What is needed =
When the line containing "theory Submission" is reached, copy it and each subsequent line of the material below exactly, through the last line.

Extracted entries =
(* For every homeomorphism $f:[0,1]\to[0,1]$ we have $h(\langle f\rangle,[0,1])=+\infty$, where $\langle f\rangle=\{f^n:n\in\mathbb{Z}\}$.
   Context: For a subgroup $G$ of the group of homeomorphisms of a space $A$ (acting by $gx=g(x)$), a nonempty subset $Y\subseteq A$ is invariant if $g(y)\in Y$ for all $g\in G$, $y\in Y$. The height of $(G,A)$ is $h(G,A)=\sup\{n\geq 0:$ there exist distinct closed invariant subsets $Y_0\subset Y_1\subset\cdots\subset Y_n=A\}$ (possibly $+\infty$). *)

theory Defs
  imports "HOL-Analysis.Analysis" "HOL-Library.Extended_Nat"
begin

definition int_iter :: "'a set \<Rightarrow> ('a \<Rightarrow> 'a) \<Rightarrow> int \<Rightarrow> ('a \<Rightarrow> 'a)" where
  "int_iter A f n = (if n \<ge> 0 then f ^^ nat n else (inv_into A f) ^^ nat (- n))"

definition cyclic_group :: "'a set \<Rightarrow> ('a \<Rightarrow> 'a) \<Rightarrow> ('a \<Rightarrow> 'a) set" where
  "cyclic_group A f = {int_iter A f n | n. True}"

definition invariant_subset :: "('a \<Rightarrow> 'a) set \<Rightarrow> 'a set \<Rightarrow> 'a set \<Rightarrow> bool" where
  "invariant_subset G A Y \<longleftrightarrow> Y \<noteq> {} \<and> Y \<subseteq> A \<and> (\<forall>g\<in>G. \<forall>y\<in>Y. g y \<in> Y)"

definition height :: "('a \<Rightarrow> 'a) set \<Rightarrow> 'a topology \<Rightarrow> enat" where
  "height G X = Sup {enat n | n. \<exists>Y :: nat \<Rightarrow> 'a set.
      (\<forall>i\<le>n. closedin X (Y i) \<and> invariant_subset G (topspace X) (Y i))
    \<and> (\<forall>i<n. Y i \<subset> Y (Suc i)) \<and> Y n = topspace X}"

end

theory Submission
  imports Defs
begin

text \<open>Closures of orbits of finite sets are closed invariant sets. If the orbit closure of
  every finite subset of some set \<open>D\<close> misses a point of \<open>D\<close>, adding such points one at a
  time gives strictly increasing chains of closed invariant sets of any length. For a
  homeomorphism \<open>f\<close> of \<open>[0,1]\<close> this happens in one of two ways. Either \<open>f\<close> is an involution,
  so orbits have at most two points while \<open>[0,1]\<close> is infinite; or \<open>f\<close> has a wandering open
  interval \<open>J\<close> (no positive iterate of \<open>f\<close> maps a point of \<open>J\<close> into \<open>J\<close>), so the orbit of a
  finite \<open>Q \<subseteq> J\<close> meets \<open>J\<close> only in \<open>Q\<close>. A wandering interval is the open interval between
  \<open>p\<close> and \<open>h p\<close>, where \<open>h\<close> is the increasing map \<open>f\<close> or \<open>f \<circ> f\<close> and \<open>h p \<noteq> p\<close>; when \<open>f\<close> is
  decreasing, its odd iterates move this interval to the other side of the fixed point of \<open>f\<close>.\<close>

definition wandering :: "('a \<Rightarrow> 'a) \<Rightarrow> 'a set \<Rightarrow> bool" where
  "wandering f J \<longleftrightarrow> (\<forall>n>0. \<forall>x\<in>J. (f ^^ n) x \<notin> J)"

Result below =
theory Submission
  imports Defs
begin

text \<open>Closures of orbits of finite sets are closed invariant sets. If the orbit closure of
  every finite subset of some set \<open>D\<close> misses a point of \<open>D\<close>, adding such points one at a
  time gives strictly increasing chains of closed invariant sets of any length. For a
  homeomorphism \<open>f\<close> of \<open>[0,1]\<close> this happens in one of two ways. Either \<open>f\<close> is an involution,
  so orbits have at most two points while \<open>[0,1]\<close> is infinite; or \<open>f\<close> has a wandering open
  interval \<open>J\<close> (no positive iterate of \<open>f\<close> maps a point of \<open>J\<close> into \<open>J\<close>), so the orbit of a
  finite \<open>Q \<subseteq> J\<close> meets \<open>J\<close> only in \<open>Q\<close>. A wandering interval is the open interval between
  \<open>p\<close> and \<open>h p\<close>, where \<open>h\<close> is the increasing map \<open>f\<close> or \<open>f \<circ> f\<close> and \<open>h p \<noteq> p\<close>; when \<open>f\<close> is
  decreasing, its odd iterates move this interval to the other side of the fixed point of \<open>f\<close>.\<close>

definition wandering :: "('a \<Rightarrow> 'a) \<Rightarrow> 'a set \<Rightarrow> bool" where
  "wandering f J \<longleftrightarrow> (\<forall>n>0. \<forall>x\<in>J. (f ^^ n) x \<notin> J)"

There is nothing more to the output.